A 1 de Fevereiro fez um concerto especial de 10 anos na sua cidade, Penafiel, apresentando-se perante novos e velhos conhecidos no Ponto C, a mais recente sala de espectáculos local. Amanhã, 7 de Março, ruma ao Tokyo, em Lisboa, com o mesmo formato — as músicas são apresentadas com novos arranjos, uma vez que em palco se encontra a guitarra de Gonçalo Fidalgo.
O Rimas e Batidas entrevistou o rapper sobre as celebrações (que prometem não ficar por aqui), a nova formação ao vivo e a música nova que está a caminho.
Houve algum motivo específico que te tenha levado a querer assinalar os 10 anos do teu primeiro álbum, O Último Imortal, com a reedição em vinil e neste arranque do ano com estes concertos?
Foi quase um efeito em catadupa, em que uma coisa acabou por levar à outra. Ou seja, isto começa quando lanço, em 2022, o meu álbum O Monge de Wall Street — em que me apercebo, à medida que vou vendendo o álbum, de que felizmente muita gente mostra amor e apoio ao meu trabalho, e vai mantendo a chama viva e a fazer com que tudo isto continue a fazer sentido, mas não só mostraram muita vontade de ter a versão física como me iam sempre perguntando: “Então e O Último Mortal em vinil, quando é que isso sai? Estou disposto a adquiri-lo seja qual for o valor”. Cheguei a ter umas ofertas maradas de valores fora da caixa para ter o disco em vinil e aquilo foi-me ficando no subconsciente. Obviamente, depois começo a perceber que há uma tendência grande do mercado e há cada vez mais procura por esse formato. Às páginas tantas, apercebi-me de que em 2025 o disco fazia 10 anos e que por isso fazia todo o sentido.
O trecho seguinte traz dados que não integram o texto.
(* Let $G=(V,E)$ be a 3-vertex-connected graph with minimum degree $\delta$. Then Broadcast on $G$ is not solvable with $k\le \delta-2$ ignorant agents (the adversary has a winning strategy).
   Context: A graph is 3-vertex-connected if it has more than 3 vertices and remains connected after deleting any 2 vertices. Broadcast model: a connected base graph $G=(V,E)$ with $n$ nodes. There is one source agent holding a message $\mathcal M$ and $k\ge1$ ignorant agents (agents not holding $\mathcal M$); initially all agents occupy pairwise distinct nodes, the initial placement being chosen by the adversary. Time proceeds in synchronous rounds; in each round: (1) the adversary removes a (possibly empty) set $E'\subseteq E$ of edges such that $(V,E\setminus E')$ is connected; (2) each agent (agents have unique IDs, local memory, and see the entire current graph, the positions of all agents and which agents hold $\mathcal M$) chooses either to stay or to traverse an edge of $E\setminus E'$ incident to its current node; (3) agents move. Whenever an ignorant agent is at the same node as an agent holding $\mathcal M$, it receives $\mathcal M$ and becomes a source agent. The adversary is adaptive and knows the agents' strategy. Broadcast is solvable on $G$ with $k$ ignorant agents if the agents have a strategy such that, for every initial placement and every adversary behaviour, after finitely many rounds all agents hold $\mathcal M$; otherwise the adversary is said to have a winning strategy. *)

theory Defs
  imports Main
begin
Por volta de Agosto ou Setembro do ano passado começámos com o trabalho de produção do vinil, depois à medida que fui falando do vinil a outras pessoas, a malta vai espicaçando: “Ok, vais fazer o vinil, agora tens de levar isso outra vez para a estrada e voltar a tocar.” Uma coisa acabou por levar à outra. Com O Monge de Wall Street surge o disco de vinil, com o vinil surge a vontade de fazer o concerto, agora com os concertos já estamos a fazer também uma nova peça de merchandise, neste caso roupa, e também tem corrido muito bem. Por isso, há uma energia fixe à volta deste disco e tem feito todo o sentido continuar a celebrá-lo. Agora vamos para Lisboa e espero que não acabe já por aqui, à partida não irá acabar.
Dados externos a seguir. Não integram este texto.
lemma card_decks_le_by_permutation:
  assumes "bij_betw \<sigma> {0..<m * n} {0..<m * n}"
    and "\<And>w. w \<in> decks m n \<Longrightarrow> P w \<Longrightarrow> Q (permute_positions \<sigma> w)"
  shows "card {w \<in> decks m n. P w} \<le> card {w \<in> decks m n. Q w}"
proof (rule card_inj_on_le)
  show "inj_on (permute_positions \<sigma>) {w \<in> decks m n. P w}"
    by (rule inj_on_subset[OF inj_on_permute_positions[OF assms(1)]]) (auto simp: length_deck)
  show "permute_positions \<sigma> ` {w \<in> decks m n. P w} \<subseteq> {w \<in> decks m n. Q w}"
    using assms permute_positions_in_decks by blast
qed (simp add: finite_decks)

text \<open>Swapping positions \<open>t\<close> and \<open>p\<close> keeps the first \<open>t\<close> cards, on which the guess depends.\<close>
lemma card_guess_matches_later:
  assumes "t \<le> p" "p < m * n"
  shows "card {w \<in> decks m n. g (take t w) = w ! p} = card {w \<in> decks m n. g (take t w) = w ! t}"
proof -
  let ?\<sigma> = "Transposition.transpose t p"
  have bij: "bij_betw ?\<sigma> {0..<m * n} {0..<m * n}" using assms by simp
  have take_eq: "take t (permute_positions ?\<sigma> w) = take t w" if "length w = m * n" for w
    by (rule nth_equalityI) (use that assms in \<open>auto simp: transpose_apply_other\<close>)
  have swap: "permute_positions ?\<sigma> w ! t = w ! p" "permute_positions ?\<sigma> w ! p = w ! t"
    if "length w = m * n" for w
    using that assms by auto
  show ?thesis
    by (intro antisym card_decks_le_by_permutation[OF bij]) (simp_all add: length_deck take_eq swap)
qed

lemma card_guess_correct_at:
  assumes "t < m * n"
  shows "(m * n - t) * card {w \<in> decks m n. G (take t w) = w ! t}
       = (\<Sum>w\<in>decks m n. occ w {t..<m * n} (G (take t w)))"
proof -
  have "(\<Sum>w\<in>decks m n. occ w {t..<m * n} (G (take t w)))
      = (\<Sum>p\<in>{t..<m * n}. card {w \<in> decks m n. G (take t w) = w ! p})"
    unfolding occ_def by (intro sum_multicount_gen finite_decks) (auto simp: eq_commute)
  also have "\<dots> = (\<Sum>p\<in>{t..<m * n}. card {w \<in> decks m n. G (take t w) = w ! t})"
    by (intro sum.cong refl card_guess_matches_later) auto
  finally show ?thesis by simp
qed

lemma expected_correct_eq_sum_copies_left:
  "expected_correct m n G =
     (\<Sum>t<m * n. deck_mean m n (\<lambda>w. occ w {t..<m * n} (G (take t w))) / real (m * n - t))"
proof -
  let ?D = "decks m n"
  have "(\<Sum>w\<in>?D. correct G w) = (\<Sum>w\<in>?D. card {t \<in> {..<m * n}. G (take t w) = w ! t})"
    unfolding correct_def by (intro sum.cong refl arg_cong[where f = card]) (auto simp: length_deck)
  also have "\<dots> = (\<Sum>t<m * n. card {w \<in> ?D. G (take t w) = w ! t})"
    by (intro sum_multicount_gen finite_decks) auto
  finally have "(\<Sum>w\<in>?D. real (correct G w)) = (\<Sum>t<m * n. real (card {w \<in> ?D. G (take t w) = w ! t}))"
    unfolding of_nat_sum[symmetric] by (rule arg_cong)
  also have "\<dots> = (\<Sum>t<m * n. (\<Sum>w\<in>?D. real (occ w {t..<m * n} (G (take t w)))) / real (m * n - t))"
  proof (intro sum.cong refl)
    fix t assume t: "t \<in> {..<m * n}"
    define x where "x = real (m * n - t)"
    have "x * card {w \<in> ?D. G (take t w) = w ! t} = (\<Sum>w\<in>?D. real (occ w {t..<m * n} (G (take t w))))"
      unfolding x_def of_nat_mult[symmetric] of_nat_sum[symmetric]
      using card_guess_correct_at[of t m n G] t by simp
    moreover have "x > 0"
      using t unfolding x_def by (simp only: of_nat_0_less_iff zero_less_diff lessThan_iff)
    ultimately show "real (card {w \<in> ?D. G (take t w) = w ! t})
        = (\<Sum>w\<in>?D. real (occ w {t..<m * n} (G (take t w)))) / real (m * n - t)"
      unfolding x_def[symmetric] by (simp add: field_simps)
  qed
  finally show ?thesis
    by (simp add: expected_correct_def deck_mean_def sum_divide_distrib ac_simps)
qed

section \<open>Binomial moments of occurrence counts\<close>

lemma ex_bij_betw_mapping_disjoint_pairs:
  assumes U: "finite U" and sub: "A \<subseteq> U" "B \<subseteq> U" "A' \<subseteq> U" "B' \<subseteq> U"
    and disj: "A \<inter> B = {}" "A' \<inter> B' = {}" and card: "card A' = card A" "card B' = card B"
  obtains \<sigma> where "bij_betw \<sigma> U U" "\<sigma> ` A' = A" "\<sigma> ` B' = B"
proof -
  have fin: "finite A" "finite B" "finite A'" "finite B'" using sub U finite_subset by metis+
  obtain f where f: "bij_betw f A' A" using finite_same_card_bij fin card by metis
  obtain g where g: "bij_betw g B' B" using finite_same_card_bij fin card by metis
  have "card (U - (A' \<union> B')) = card (U - (A \<union> B))"
    using sub disj fin U card by (simp add: card_Diff_subset card_Un_disjoint)
  then obtain h where h: "bij_betw h (U - (A' \<union> B')) (U - (A \<union> B))"
    using finite_same_card_bij U by (metis finite_Diff)
  define \<sigma> where "\<sigma> x = (if x \<in> A' then f x else if x \<in> B' then g x else h x)" for x
  have 1: "bij_betw \<sigma> A' A" using f by (subst bij_betw_cong[of A' \<sigma> f]) (auto simp: \<sigma>_def)
  have 2: "bij_betw \<sigma> B' B" using g disj by (subst bij_betw_cong[of B' \<sigma> g]) (auto simp: \<sigma>_def)
  have 3: "bij_betw \<sigma> (U - (A' \<union> B')) (U - (A \<union> B))"
    using h by (subst bij_betw_cong[of _ \<sigma> h]) (auto simp: \<sigma>_def)
  have "bij_betw \<sigma> (A' \<union> B' \<union> (U - (A' \<union> B'))) (A \<union> B \<union> (U - (A \<union> B)))"
    by (intro bij_betw_combine 1 2 3) (use disj in auto)
  moreover have "A' \<union> B' \<union> (U - (A' \<union> B')) = U" "A \<union> B \<union> (U - (A \<union> B)) = U" using sub by auto
  ultimately have "bij_betw \<sigma> U U" by simp
  with 1 2 show ?thesis using that by (simp add: bij_betw_def)
qed

definition disjoint_pairs :: "nat set \<Rightarrow> nat \<Rightarrow> nat \<Rightarrow> (nat set \<times> nat set) set" where
  "disjoint_pairs S a b = {(A, B). A \<subseteq> S \<and> B \<subseteq> S \<and> card A = a \<and> card B = b \<and> A \<inter> B = {}}"

definition shows_on :: "nat set \<Rightarrow> nat set \<Rightarrow> nat \<Rightarrow> nat \<Rightarrow> nat list \<Rightarrow> bool" where
  "shows_on A B i i' w \<longleftrightarrow> (\<forall>p\<in>A. w ! p = i) \<and> (\<forall>p\<in>B. w ! p = i')"

lemma finite_disjoint_pairs: "finite S \<Longrightarrow> finite (disjoint_pairs S a b)"
  unfolding disjoint_pairs_def by (rule finite_subset[of _ "Pow S \<times> Pow S"]) auto

lemma card_disjoint_pairs:
  assumes "finite S"
  shows "card (disjoint_pairs S a b) = (card S choose a) * ((card S - a) choose b)"
proof -
  have "disjoint_pairs S a b = Sigma {A. A \<subseteq> S \<and> card A = a} (\<lambda>A. {B. B \<subseteq> S - A \<and> card B = b})"
    by (auto simp: disjoint_pairs_def)
  also have "card \<dots> = (\<Sum>A | A \<subseteq> S \<and> card A = a. card {B. B \<subseteq> S - A \<and> card B = b})"
    by (rule card_SigmaI) (use assms in auto)
  also have "\<dots> = (\<Sum>A | A \<subseteq> S \<and> card A = a. (card S - a) choose b)"
    using assms by (intro sum.cong refl)
      (auto simp: n_subsets card_Diff_subset finite_subset)
  finally show ?thesis using n_subsets[OF assms] by simp
qed

lemma card_disjoint_pairs_shows_on:
  assumes "finite S" "i \<noteq> i' \<or> b = 0"
  shows "card {AB \<in> disjoint_pairs S a b. shows_on (fst AB) (snd AB) i i' w}
       = (occ w S i choose a) * (occ w S i' choose b)"
proof -
  have "{AB \<in> disjoint_pairs S a b. shows_on (fst AB) (snd AB) i i' w} =
      {A. A \<subseteq> {p \<in> S. w ! p = i} \<and> card A = a} \<times> {B. B \<subseteq> {p \<in> S. w ! p = i'} \<and> card B = b}"
  proof (intro equalityI subsetI)
    fix AB assume "AB \<in> {AB \<in> disjoint_pairs S a b. shows_on (fst AB) (snd AB) i i' w}"
    then show "AB \<in> {A. A \<subseteq> {p \<in> S. w ! p = i} \<and> card A = a} \<times> {B. B \<subseteq> {p \<in> S. w ! p = i'} \<and> card B = b}"
      by (auto simp: disjoint_pairs_def shows_on_def)
  next
    fix AB assume AB: "AB \<in> {A. A \<subseteq> {p \<in> S. w ! p = i} \<and> card A = a} \<times> {B. B \<subseteq> {p \<in> S. w ! p = i'} \<and> card B = b}"
    then have "snd AB \<subseteq> S" by auto
    then have "finite (snd AB)" using assms(1) finite_subset by blast
    have "fst AB \<inter> snd AB = {}"
    proof (cases "i = i'")
      case True
      then have "snd AB = {}" using assms(2) AB \<open>finite (snd AB)\<close> by auto
      then show ?thesis by simp
    next
      case False
      then show ?thesis using AB by (auto simp: subset_iff)
    qed
    then show "AB \<in> {AB \<in> disjoint_pairs S a b. shows_on (fst AB) (snd AB) i i' w}"
      using AB by (auto simp: disjoint_pairs_def shows_on_def)
  qed
  then show ?thesis using assms(1)
    by (simp add: card_cartesian_product n_subsets occ_def)
qed

lemma card_decks_shows_on_invariant:
  assumes "(A, B) \<in> disjoint_pairs {0..<m * n} a b" "(A', B') \<in> disjoint_pairs {0..<m * n} a b"
  shows "card {w \<in> decks m n. shows_on A B i i' w} = card {w \<in> decks m n. shows_on A' B' i i' w}"
proof -
  have le: "card {w \<in> decks m n. shows_on A B i i' w} \<le> card {w \<in> decks m n. shows_on A' B' i i' w}"
    if AB: "(A, B) \<in> disjoint_pairs {0..<m * n} a b" "(A', B') \<in> disjoint_pairs {0..<m * n} a b"
    for A B A' B'
  proof -
    obtain \<sigma> where \<sigma>: "bij_betw \<sigma> {0..<m * n} {0..<m * n}" "\<sigma> ` A' = A" "\<sigma> ` B' = B"
      by (rule ex_bij_betw_mapping_disjoint_pairs[of "{0..<m * n}" A B A' B'])
        (use AB in \<open>auto simp: disjoint_pairs_def\<close>)
    show ?thesis
    proof (rule card_decks_le_by_permutation[OF \<sigma>(1)])
      fix w assume "w \<in> decks m n" "shows_on A B i i' w"
      then show "shows_on A' B' i i' (permute_positions \<sigma> w)"
        using \<sigma> AB(2) by (auto simp: shows_on_def disjoint_pairs_def length_deck subset_iff)
    qed
  qed
  show ?thesis using le[OF assms] le[OF assms(2,1)] by simp
qed

text \<open>Double counting pairs (deck, placement): each deck shows \<open>(m choose a) * (m choose b)\<close>
  placements, and each placement is shown by equally many decks.\<close>
lemma card_decks_shows_on:
  assumes AB: "(A, B) \<in> disjoint_pairs {0..<m * n} a b"
    and i: "i \<in> {1..n}" "i' \<in> {1..n}" "i \<noteq> i' \<or> b = 0"
  shows "card {w \<in> decks m n. shows_on A B i i' w} * card (disjoint_pairs {0..<m * n} a b)
       = card (decks m n) * (m choose a) * (m choose b)"
proof -
  let ?P = "disjoint_pairs {0..<m * n} a b"
  have "(\<Sum>w\<in>decks m n. card {AB \<in> ?P. shows_on (fst AB) (snd AB) i i' w})
      = card {w \<in> decks m n. shows_on A B i i' w} * card ?P"
    using card_decks_shows_on_invariant[OF AB]
    by (intro sum_multicount finite_decks finite_disjoint_pairs) auto
  moreover have "(\<Sum>w\<in>decks m n. card {AB \<in> ?P. shows_on (fst AB) (snd AB) i i' w})
      = (\<Sum>w\<in>decks m n. (m choose a) * (m choose b))"
    using i by (intro sum.cong refl) (simp add: card_disjoint_pairs_shows_on occ_all_positions)
  ultimately show ?thesis by simp
qed

lemma sum_choose_occ_mult:
  assumes S: "S \<subseteq> {0..<m * n}" and i: "i \<in> {1..n}" "i' \<in> {1..n}" "i \<noteq> i' \<or> b = 0"
  shows "(\<Sum>w\<in>decks m n. (occ w S i choose a) * (occ w S i' choose b)) * card (disjoint_pairs {0..<m * n} a b)
       = card (disjoint_pairs S a b) * (card (decks m n) * (m choose a) * (m choose b))"
proof -
  let ?P = "disjoint_pairs {0..<m * n} a b" and ?PS = "disjoint_pairs S a b"
  have fin: "finite S" using S finite_subset by blast
  have "(\<Sum>w\<in>decks m n. (occ w S i choose a) * (occ w S i' choose b))
      = (\<Sum>AB\<in>?PS. card {w \<in> decks m n. shows_on (fst AB) (snd AB) i i' w})"
    using fin i by (subst card_disjoint_pairs_shows_on[symmetric])
      (auto intro!: sum_multicount_gen finite_decks finite_disjoint_pairs)
  also have "\<dots> * card ?P = (\<Sum>AB\<in>?PS. card {w \<in> decks m n. shows_on (fst AB) (snd AB) i i' w} * card ?P)"
    by (simp add: sum_distrib_right)
  also have "\<dots> = (\<Sum>AB\<in>?PS. card (decks m n) * (m choose a) * (m choose b))"
  proof (intro sum.cong refl)
    fix AB assume "AB \<in> ?PS"
    then have "(fst AB, snd AB) \<in> ?P" using S by (auto simp: disjoint_pairs_def)
    then show "card {w \<in> decks m n. shows_on (fst AB) (snd AB) i i' w} * card ?P
        = card (decks m n) * (m choose a) * (m choose b)"
      by (rule card_decks_shows_on[OF _ i])
  qed
  finally show ?thesis by simp
qed

text \<open>A fixed \<open>j\<close>-set of positions carries only copies of a given card type with probability
  \<open>(m choose j) / (mn choose j)\<close>.\<close>
definition mean_choose_occ :: "nat \<Rightarrow> nat \<Rightarrow> nat \<Rightarrow> nat \<Rightarrow> real" where
  "mean_choose_occ m n j s = real (m choose j) * real (s choose j) / real (m * n choose j)"

lemma deck_mean_choose_occ:
  assumes S: "S \<subseteq> {0..<m * n}" and i: "i \<in> {1..n}" and j: "j \<le> m * n"
  shows "deck_mean m n (\<lambda>w. real (occ w S i choose j)) = mean_choose_occ m n j (card S)"
proof -
  have "(\<Sum>w\<in>decks m n. occ w S i choose j) * (m * n choose j)
      = (card S choose j) * (card (decks m n) * (m choose j))"
    using sum_choose_occ_mult[OF S i i, of 0 j] S
    by (simp add: card_disjoint_pairs finite_subset)
  then have "(\<Sum>w\<in>decks m n. real (occ w S i choose j)) * real (m * n choose j)
      = real (card S choose j) * (real (card (decks m n)) * real (m choose j))"
    unfolding of_nat_mult[symmetric] of_nat_sum[symmetric] by (rule arg_cong)
  moreover have "real (m * n choose j) > 0" using j by simp
  ultimately show ?thesis
    using card_decks_pos[of m n] unfolding deck_mean_def mean_choose_occ_def by (simp add: field_simps)
qed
Fizeste o concerto em Penafiel, a tua cidade, e foi o primeiro evento e performance organizado e pensado de raiz por ti. E também fizeste um formato live diferente, a apresentar as músicas com roupagens distintas.
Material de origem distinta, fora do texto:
lemma suslin_pred_const_conj: "(C \<Longrightarrow> suslin_pred k \<Phi>) \<Longrightarrow> suslin_pred k (\<lambda>fs. C \<and> \<Phi> fs)"
  by (cases C) (simp_all add: suslin_pred_const)

lemma suslin_pred_not: "suslin_pred k \<Phi> \<Longrightarrow> suslin_pred k (\<lambda>fs. \<not> \<Phi> fs)"
proof -
  assume "suslin_pred k \<Phi>"
  then have "suslin_set k (space k - {fs \<in> space k. \<Phi> fs})"
    unfolding suslin_pred_def by (rule suslin_set_compl)
  moreover have "space k - {fs \<in> space k. \<Phi> fs} = {fs \<in> space k. \<not> \<Phi> fs}" by blast
  ultimately show ?thesis unfolding suslin_pred_def by simp
qed

lemma suslin_pred_ex:
  assumes "\<And>x :: 'a :: countable. suslin_pred k (\<Phi> x)"
  shows "suslin_pred k (\<lambda>fs. \<exists>x. \<Phi> x fs)"
proof -
  have "suslin_set k (\<Union>n. {fs \<in> space k. \<Phi> (from_nat n) fs})"
    using assms unfolding suslin_pred_def by (rule suslin_set_UN)
  moreover have "(\<Union>n. {fs \<in> space k. \<Phi> (from_nat n) fs}) = {fs \<in> space k. \<exists>x. \<Phi> x fs}"
    by auto (metis from_nat_to_nat)
  ultimately show ?thesis unfolding suslin_pred_def by simp
qed

lemma suslin_pred_all:
  assumes "\<And>x :: 'a :: countable. suslin_pred k (\<Phi> x)"
  shows "suslin_pred k (\<lambda>fs. \<forall>x. \<Phi> x fs)"
  using suslin_pred_not[OF suslin_pred_ex[OF suslin_pred_not[OF assms]]] by simp

lemma suslin_pred_or:
  assumes "suslin_pred k \<Phi>" and "suslin_pred k \<Psi>"
  shows "suslin_pred k (\<lambda>fs. \<Phi> fs \<or> \<Psi> fs)"
proof -
  have "suslin_pred k (\<lambda>fs. \<exists>b. if b then \<Phi> fs else \<Psi> fs)"
  proof (rule suslin_pred_ex)
    show "suslin_pred k (\<lambda>fs. if b then \<Phi> fs else \<Psi> fs)" for b
      by (cases b) (simp_all add: assms)
  qed
  then show ?thesis by (simp add: ex_bool_eq)
qed

lemma suslin_pred_and:
  assumes "suslin_pred k \<Phi>" and "suslin_pred k \<Psi>"
  shows "suslin_pred k (\<lambda>fs. \<Phi> fs \<and> \<Psi> fs)"
  using suslin_pred_not[OF suslin_pred_or[OF suslin_pred_not[OF assms(1)] suslin_pred_not[OF assms(2)]]]
  by simp

lemma suslin_pred_suslinA:
  fixes \<Phi> :: "nat list \<Rightarrow> (nat \<Rightarrow> nat) list \<Rightarrow> bool"
  assumes "\<And>s. suslin_pred k (\<Phi> s)"
  shows "suslin_pred k (\<lambda>fs. \<exists>f. \<forall>n. \<Phi> (map f [0..<n]) fs)"
proof -
  have "suslin_set k (suslinA (\<lambda>s. {fs \<in> space k. \<Phi> s fs}))"
    using assms unfolding suslin_pred_def by (rule suslin_set_suslinA)
  moreover have "suslinA (\<lambda>s. {fs \<in> space k. \<Phi> s fs}) =
      {fs \<in> space k. \<exists>f. \<forall>n. \<Phi> (map f [0..<n]) fs}"
    unfolding suslinA_def by auto
  ultimately show ?thesis unfolding suslin_pred_def by simp
qed

lemma suslin_pred_swap_list:
  assumes "i < k" "j < k" and "suslin_pred k \<Phi>"
  shows "suslin_pred k (\<lambda>fs. \<Phi> (swap_list i j fs))"
proof -
  interpret coordinate_reindexing k "swap_list i j" "\<lambda>t. if t = j then i else if t = i then j else t"
    using assms(1,2) by (rule coordinate_reindexing_swap_list)
  obtain \<beta> where \<beta>: "Well_order \<beta>" "Sigma_set k \<beta> {fs \<in> space k. \<Phi> fs}"
    using assms(3) unfolding suslin_pred_def suslin_set_def by blast
  from \<beta>(2) have "Sigma_set k \<beta> {fs \<in> space k. swap_list i j fs \<in> {fs \<in> space k. \<Phi> fs}}"
    by (rule Sigma_set_preimage)
  moreover have "{fs \<in> space k. swap_list i j fs \<in> {fs \<in> space k. \<Phi> fs}} =
      {fs \<in> space k. \<Phi> (swap_list i j fs)}"
    using h_space by blast
  ultimately show ?thesis using \<beta>(1) unfolding suslin_pred_def suslin_set_def by auto
qed

lemma suslin_pred_nth_app:
  assumes "0 < k"
  shows "suslin_pred k (\<lambda>fs. Q ((fs ! 0) a))"
proof -
  have baire_open: "baire_open k {fs \<in> space k. R ((fs ! 0) a)}" for R
    unfolding baire_open_def
  proof (intro conjI ballI)
    fix fs assume "fs \<in> {fs \<in> space k. R ((fs ! 0) a)}"
    then show "\<exists>n. \<forall>gs\<in>space k. (\<forall>i<k. \<forall>m<n. (gs ! i) m = (fs ! i) m) \<longrightarrow>
        gs \<in> {fs \<in> space k. R ((fs ! 0) a)}"
      using assms by (intro exI[of _ "Suc a"]) auto
  qed blast
  have "space k - {fs \<in> space k. Q ((fs ! 0) a)} = {fs \<in> space k. \<not> Q ((fs ! 0) a)}"
    by blast
  then have "clopen k {fs \<in> space k. Q ((fs ! 0) a)}"
    unfolding clopen_def by (simp only:) (intro conjI baire_open)
  then show ?thesis unfolding suslin_pred_def by (rule clopen_suslin_set)
qed

section \<open>Computations relative to S\<close>

text \<open>Distinct schemes have distinct codes, since \<open>list_encode\<close> is injective; so both steps
  use the same scheme, and their results agree once the subcomputations do.\<close>
lemma step_functional:
  assumes "step P (e, as, fs, b)" and "step Q (e, as, fs, b')"
    and "\<And>e as fs c c'. P (e, as, fs, c) \<Longrightarrow> Q (e, as, fs, c') \<Longrightarrow> c = c'"
  shows "b = b'"
  using assms(1)
  unfolding step_def Let_def prod.case
  apply (elim disjE exE conjE)
  apply (insert assms(2))
  apply (simp_all add: step_def list_encode_eq del: list_encode.simps)
  apply (metis assms(3) ext)+
  done

lemma omegaS_functional: "omegaS (e, as, fs, b) \<Longrightarrow> omegaS (e, as, fs, b') \<Longrightarrow> b = b'"
proof (induction "(e, as, fs, b)" arbitrary: e as fs b b' rule: omegaS.induct)
  case 1
  from 1(2) have "step omegaS (e, as, fs, b')" by (cases rule: omegaS.cases)
  with 1(1) show ?case by (rule step_functional) auto
qed

lemma comp_rank_le_imp_omegaS: "comp_rank_le \<alpha> \<xi> x \<Longrightarrow> omegaS x"
proof (induction rule: comp_rank_le.induct)
  case (1 \<xi> x)
  have "step omegaS x" using step_mono[rule_format, OF _ 1(2), of omegaS] by blast
  then show ?case by (rule omegaS.intros)
qed

text \<open>As computations are single-valued, \<open>S(\<lambda>t. {e1}(t, as, fs)) = 1\<close> iff some \<open>f\<close> makes
  all values at the codes of its initial segments positive: an operation-A condition on \<open>fs\<close>.\<close>
lemma suslin_pred_S8:
  assumes Q_suslin: "\<And>e as b. suslin_pred k (\<lambda>fs. Q (e, as, fs, b))"
    and Q_functional: "\<And>e as fs c c'. Q (e, as, fs, c) \<Longrightarrow> Q (e, as, fs, c') \<Longrightarrow> c = c'"
  shows "suslin_pred k (\<lambda>fs. \<exists>g. (\<forall>t. Q (e1, t # as, fs, g t)) \<and> b = Sfun g)"
proof -
  define total where "total fs \<longleftrightarrow> (\<forall>t. \<exists>c. Q (e1, t # as, fs, c))" for fs
  define branch where
    "branch fs \<longleftrightarrow> (\<exists>f. \<forall>n. \<exists>c. 0 < c \<and> Q (e1, seqcode f n # as, fs, c))" for fs
  have Sfun_eq: "Sfun g = (if branch fs then 1 else 0)" if g: "\<forall>t. Q (e1, t # as, fs, g t)" for g fs
  proof -
    have "g t = 0 \<longleftrightarrow> (\<forall>c. Q (e1, t # as, fs, c) \<longrightarrow> c = 0)" for t
      using g Q_functional by metis
    then show ?thesis unfolding Sfun_def branch_def by auto blast+
  qed
  have "(\<exists>g. (\<forall>t. Q (e1, t # as, fs, g t)) \<and> b = Sfun g) \<longleftrightarrow>
      total fs \<and> (b = 1 \<and> branch fs \<or> b = 0 \<and> \<not> branch fs)" for fs
  proof
    assume "\<exists>g. (\<forall>t. Q (e1, t # as, fs, g t)) \<and> b = Sfun g"
    then obtain g where "\<forall>t. Q (e1, t # as, fs, g t)" "b = Sfun g" by blast
    then show "total fs \<and> (b = 1 \<and> branch fs \<or> b = 0 \<and> \<not> branch fs)"
      unfolding total_def using Sfun_eq by auto
  next
    assume *: "total fs \<and> (b = 1 \<and> branch fs \<or> b = 0 \<and> \<not> branch fs)"
    then obtain g where "\<forall>t. Q (e1, t # as, fs, g t)" unfolding total_def by metis
    then show "\<exists>g. (\<forall>t. Q (e1, t # as, fs, g t)) \<and> b = Sfun g" using * Sfun_eq by auto
  qed
  moreover have "suslin_pred k total"
    unfolding total_def by (intro suslin_pred_all suslin_pred_ex Q_suslin)
  moreover have "suslin_pred k branch"
    unfolding branch_def seqcode_def
    by (rule suslin_pred_suslinA[where
          \<Phi> = "\<lambda>s fs. \<exists>c. 0 < c \<and> Q (e1, list_encode s # as, fs, c)"])
      (intro suslin_pred_ex suslin_pred_const_conj Q_suslin)
  ultimately show ?thesis
    by (simp only:)
      (intro suslin_pred_and suslin_pred_or suslin_pred_const_conj suslin_pred_not suslin_pred_const)
qed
Eu sempre fugi a sete pés — e continuo a fugir, se bem que cada vez menos, porque ao mesmo tempo gosto de fazer acontecer — de organizar eventos. Sobretudo pelo risco financeiro que envolve, de te dispores a reservar uma sala e a venderes tu os bilhetes e a fazeres toda a promoção. Houve ali uma altura, principalmente aquando do lançamento d’O Último Mortal, em que tocámos bastante. Mas, felizmente, sempre de uma forma orgânica. Ou seja, éramos convidados para eventos, festivais, festas em escolas, queimas das feitas… Era um lugar muito mais confortável, se bem que sempre tive no meu subconsciente que gostava de ter uma festa idealizada por mim. Entretanto, tivemos há cerca de cinco meses a abertura em Penafiel do Ponto C, uma nova casa de espectáculos na cidade, com todas as condições e com uma equipa técnica e direcção artística com uma visão grande de apoiar os artistas locais e de estimular a que aconteçam aqui coisas diferentes daquilo que é a programação regular do teatro. Juntou-se o cocktail ideal. “Ok, tenho um mote porreiro para fazer isto; tenho um espaço que está disponível para receber o evento e correr este risco comigo.” E felizmente tive pessoas, falando da Mary Jane e do Chek1 e de toda a sua equipa, que se predispuseram a fazer parte do evento e acho que fizemos uma festa muito fixe. Aquilo esgotou em quatro ou cinco dias, foi a primeira festa de rap no novo teatro. E eu que sou de Penafiel, não me lembro de ver uma festa de rap nestes moldes na cidade. Pelo menos nos últimos 15 anos não aconteceu de certeza — só quando eu era muito miúdo é que alguém pode ter feito uma maluqueira dessas, mas acho que não. Ou seja, sem ser uma festa académica que tenha um rapper a tocar; uma festa organizada dentro da cultura, em que as pessoas vão para um espaço ouvir um cartaz só de rap durante quatro horas e estão ali só para aquilo. No fundo, aquilo que já acontece em qualquer grande cidade há vários anos — em Penafiel nunca tinha acontecido, por isso obviamente também há um orgulho especial de ter feito acontecer nesse sentido. Não fiquei com especial paixão por organizar eventos porque, de facto, é muita burocracia, muita pressão, muita preocupação…
Mas também te deu gozo.
Sim, depois claro que pões tudo na balança e correu bastante bem. Sobre o novo formato live… O último espectáculo que eu tinha feito tinha sido no Natal do Marginal de 2023. Na altura fomos ensaiar a uma sala de espectáculos em Espinho e a pessoa que nos estava a abrir a porta e a proporcionar o acesso à sala de ensaios era um guitarrista que, meia volta, durante o ensaio, pegava na guitarra e começava ali a acompanhar um pouco o que estávamos a fazer. Já não fomos a tempo de aplicar aquele formato live no Natal do Marginal, mas ficou ali o bichinho… De facto a guitarra, e o Gonçalo Fidalgo que é quem a domina, dá um brilho especial às músicas e a roupagem faz com que as músicas pareçam novas ao vivo. Também tivemos muito esse feedback no concerto de Penafiel. Apesar de estarmos a revisitar um álbum com dez anos, dá a sensação para quem está no palco — e acho que também para o público — de que se está a ouvir algo novo. Isso também dá uma pica extra.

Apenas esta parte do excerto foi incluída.